Well, when said acquaintance drops dead, given the more than passing similarity of their shapes and features, Locke takes the opportunity to . . . switch identities, becoming Robertson: slipping into his shoes, lifting his passport (he swaps the photos), and, most fatefully, making off with his appointment book. All this, it would seem (here the London interlude is essential) with little concern for those who might mourn the loss of Locke (Jenny Runacre and Ian Hendry turn in fine supporting turns as those who were closest to him). David again hits the road, falling in with an enigmatic, unnamed woman (Schneider). Is she part of some larger scheme? We think not, but the movie more than invites conspiratorial hypothesizing, or at the very least insists on some comfort level with synchronicity. In any event, ruh-roh, it soon becomes evident that Robertson’s life had its own, shall we say, complications.

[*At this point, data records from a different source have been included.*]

lemma tmap_G_edge:
  assumes "i < j" and "j \<le> \<alpha>" and "l < k" and "m = i \<or> m = j"
  shows "tmap SN STE SX 0 ` {2 * m, pair_code i j l} = {Inl (2 * m), Inr (Suc (pair_code i j l))}"
  using tmap_G_A[OF even_in_G_A] tmap_G_B[OF pair_code_in_G_B] assms by auto

lemma torso_edges_at_G_B:
  assumes "w = pair_code i j l" and "i < j" and "j \<le> \<alpha>" and "l < k"
  shows "{e \<in> G_E \<alpha> k. card (tmap SN STE SX 0 ` e) = 2 \<and> Inr (Suc w) \<in> tmap SN STE SX 0 ` e}
       = {{2 * i, w}, {2 * j, w}}"
proof -
  have "card (tmap SN STE SX 0 ` e) = 2 \<and> (Inr (Suc w) \<in> tmap SN STE SX 0 ` e \<longleftrightarrow> w \<in> e)"
    if "e \<in> G_E \<alpha> k" for e
  proof -
    obtain m i' j' l' where e: "e = {2 * m, pair_code i' j' l'}" "i' < j'" "j' \<le> \<alpha>" "l' < k" "m = i' \<or> m = j'"
      using \<open>e \<in> G_E \<alpha> k\<close> by (rule G_E_memE)
    show ?thesis
      unfolding e(1) tmap_G_edge[OF e(2-5)] using assms(1) by auto
  qed
  then show ?thesis
    using G_E_incident[OF assms(2-4)] assms(1) by blast
qed

lemma inr_subdividing_torso_centre:
  "inr_subdividing (G_A \<alpha>) (torso_V STE SX 0, torso_E (G_E \<alpha> k) SN STE SX 0)"
  unfolding inr_subdividing_def
proof (intro conjI allI impI)
  show "fst (torso_V STE SX 0, torso_E (G_E \<alpha> k) SN STE SX 0) \<subseteq> Inl ` G_A \<alpha> \<union> range Inr"
    unfolding torso_V_def star_X_def by auto
  fix r assume "Inr r \<in> fst (torso_V STE SX 0, torso_E (G_E \<alpha> k) SN STE SX 0)"
  then obtain w where "w \<in> G_B \<alpha> k" and rw: "r = Suc w"
    unfolding torso_V_def star_TE_def by (auto simp: doubleton_eq_iff)
  then obtain i j l where w: "w = pair_code i j l" "i < j" "j \<le> \<alpha>" "l < k"
    unfolding G_B_def by blast
  let ?tm = "tmap SN STE SX 0"
  have "filter_mset (\<lambda>e. Inr r \<in> e) (torso_E (G_E \<alpha> k) SN STE SX 0)
      = image_mset ((`) ?tm) (mset_set {e \<in> G_E \<alpha> k. card (?tm ` e) = 2 \<and> Inr r \<in> ?tm ` e})"
    unfolding torso_E_def filter_mset_image_mset filter_filter_mset
    by (simp add: filter_mset_mset_set finite_G_E)
  also have "\<dots> = image_mset ((`) ?tm) (mset_set {{2 * i, w}, {2 * j, w}})"
    using torso_edges_at_G_B[OF w] rw by simp
  also have "\<dots> = {#{Inl (2 * i), Inr r}, {Inl (2 * j), Inr r}#}"
    using w rw tmap_G_edge[of i j l i] tmap_G_edge[of i j l j] by (auto simp: doubleton_eq_iff)
  finally show "\<exists>a1 a2. filter_mset (\<lambda>e. Inr r \<in> e)
      (snd (torso_V STE SX 0, torso_E (G_E \<alpha> k) SN STE SX 0)) = {#{Inl a1, Inr r}, {Inl a2, Inr r}#}"
    by auto
qed

lemma center_size_G_star_le:
  assumes "0 < \<alpha>" and "t \<in> SN"
  shows "center_size (Inl ` SX t) (torso_V STE SX t, torso_E (G_E \<alpha> k) SN STE SX t) \<le> \<alpha> + 1"
proof (cases "t = 0")
  case True
  have "{s. {0, s} \<in> STE} \<subseteq> Suc ` G_B \<alpha> k"
    unfolding star_TE_def by (auto simp: doubleton_eq_iff)
  then have "finite {s. {0, s} \<in> STE}"
    using finite_G_B by (rule finite_subset[OF _ finite_imageI])
  then have "finite (torso_V STE SX 0)"
    unfolding torso_V_def star_X_def using finite_G_A by simp
  then show ?thesis
    using center_size_inr_subdividing[OF _ inr_subdividing_torso_centre finite_G_A] True card_G_A
    by (simp add: star_X_def)
next
  case False
  with assms obtain v where "v \<in> G_B \<alpha> k" and "t = Suc v"
    unfolding star_N_def by auto
  then have "torso_V STE SX t \<subseteq> {Inl v, Inr 0}"
    unfolding torso_V_def star_X_def star_TE_def by (auto simp: doubleton_eq_iff)
  then have "finite (torso_V STE SX t)" and "card (torso_V STE SX t) \<le> 2"
    by (auto intro: finite_subset dest: card_mono[rotated])
  with center_size_le_card[of "(torso_V STE SX t, torso_E (G_E \<alpha> k) SN STE SX t)" "Inl ` SX t"]
  show ?thesis
    using \<open>0 < \<alpha>\<close> by simp
qed

lemma tcw_G_le:
  assumes "0 < \<alpha>"
  shows "tcw (G_A \<alpha> \<union> G_B \<alpha> k) (G_E \<alpha> k) \<le> \<alpha> + 1"
proof -
  have "finite STE" and "finite SN" and "SN \<noteq> {}"
    unfolding star_TE_def star_N_def using finite_G_B by simp_all
  moreover have "card (adh (G_E \<alpha> k) SN STE SX e) \<le> \<alpha> + 1" if "e \<in> STE" for e
    using card_adh_G_star_le[OF that] assms by linarith
  ultimately have "tcw_width (G_E \<alpha> k) SN STE SX \<le> \<alpha> + 1"
    unfolding tcw_width_def using center_size_G_star_le[OF assms] by (simp add: Max_le_iff)
  with tcw_le_tcw_width[OF tcd_G_star] show ?thesis
    by simp
qed

end

lemma G_A_not_in_one_bag:
  assumes D: "tcd (G_A \<alpha> \<union> G_B \<alpha> k) E N TE X" and "thickness N X \<le> \<alpha>"
  obtains i where "0 < i" and "i \<le> \<alpha>" and "node_of N X (2 * i) \<noteq> node_of N X 0"
proof -
  have "\<exists>i. 0 < i \<and> i \<le> \<alpha> \<and> node_of N X (2 * i) \<noteq> node_of N X 0"
  proof (rule ccontr)
    assume "\<nexists>i. 0 < i \<and> i \<le> \<alpha> \<and> node_of N X (2 * i) \<noteq> node_of N X 0"
    then have same_bag: "node_of N X (2 * i) = node_of N X 0" if "i \<le> \<alpha>" for i
      using that by (metis gr0I mult_0_right)
    let ?t = "node_of N X 0"
    have "0 \<in> G_A \<alpha> \<union> G_B \<alpha> k"
      using even_in_G_A[of 0] by simp
    then have "?t \<in> N"
      by (rule node_of_in(1)[OF D])
    have "X ?t \<subseteq> G_A \<alpha> \<union> G_B \<alpha> k"
      using D \<open>?t \<in> N\<close> unfolding tcd_def by blast
    then have "finite (X ?t)"
      by (rule finite_subset) (simp add: finite_G_A finite_G_B)
    moreover have "G_A \<alpha> \<subseteq> X ?t"
    proof
      fix a assume "a \<in> G_A \<alpha>"
      then obtain i where "i \<le> \<alpha>" and "a = 2 * i"
        unfolding G_A_def by auto
      with node_of_in(2)[OF D, of a] show "a \<in> X ?t"
        using same_bag even_in_G_A by auto
    qed
    ultimately have "card (G_A \<alpha>) \<le> card (X ?t)"
      by (rule card_mono)
    also have "\<dots> \<le> \<alpha>"
      using card_bag_le_thickness[OF D \<open>?t \<in> N\<close>] \<open>thickness N X \<le> \<alpha>\<close> by simp
    finally show False
      using card_G_A by simp
  qed
  with that show thesis
    by blast
qed
lemma k_feasible_Attach_split:
  assumes "wf_dtree (Node Attach l r)" "k_feasible (Node Attach l r) k S"
  obtains i where "k_feasible l (k + i) (S \<inter> hatV l)" "k_feasible r i (S \<inter> hatV r)"
proof -
  let ?u = "Node Attach l r"
  obtain X M where dom: "hatV ?u - hatTS ?u \<subseteq> closed_nbh (hatE ?u) S"
    and X: "X \<subseteq> S \<inter> hatTS ?u" "card X = k" and pm: "perfect_matching (hatE ?u) (S - X) M"
    using assms(2) by (elim k_feasibleE)
  have D: "hatV l \<inter> hatV r = {}" using assms(1) by simp
  have "X \<inter> hatV l = X" "X \<inter> hatV r = {}"
    using X(1) D hatTS_subset_hatV[of l] by auto
  moreover have "hatV t - hatTS t \<subseteq> closed_nbh (hatE ?u) S" if "t \<in> {l, r}" for t
    using that dom D hatTS_subset_hatV[of l] by auto
  ultimately have "k_feasible l (k + card (crossing_edges l r M)) (S \<inter> hatV l)"
    "k_feasible r (card (crossing_edges l r M)) (S \<inter> hatV r)"
    using k_feasible_child_restrict[OF assms(1) _ _ X(1) pm] X(2) by fastforce+
  then show ?thesis using that by blast
qed

lemma gamma_hat_le_card: "k_feasible u k S \<Longrightarrow> gamma_hat u k \<le> card S"
  unfolding gamma_hat_def by (rule Least_le) blast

Manohla Dargis praised The Passenger as “arguably Mr. Antonioni’s greatest film”—and we agree, and feel compelled to point out that is pretty, pretty high praise. (Nicholson went out of his way to personally secure the rights to the movie, suggesting that he also holds it in high esteem.) Dargis adds “that few filmmakers have revealed so much beauty inside a film frame,” and that The Passenger “dazzles from first shot to last.” Which is perhaps the case, but I want to talk about two sequences in particular, which do even more than dazzle. The first, which I think is still underappreciated, is the bravura twelve-plus minute sequence, early in the film (it starts around minute fourteen, for those of you playing our home game), after Locke discovers Robertson’s body. With the exception, in voice-over, of some exchanges from a previously recorded conversation between the two men, the sequence is entirely dialogue-free. Antonioni, without showing off, orchestrates this narrative, bringing together images and sounds, framing impeccably, shooting with confidence, cutting virtuosically, and bending time. Nicholson, compelling, holds the screen without speaking. What do we want from the movies? This.
That said, one reason the Robertson swap sequence doesn’t get the love it deserves, is because so much praise has been (justly) showered on the astonishing, how was that even possible, narratively essential, seven minute shot that comes near the very end of the story. It is one of the great long takes in the history of cinema. And it doesn’t even step on the toes of what might have seemed like a throwaway line, but well summarizes a film that is on the one hand intensely suspenseful, but on the other has a lot to say about little things like perspective, subjectivity, and identity: “I never knew him.”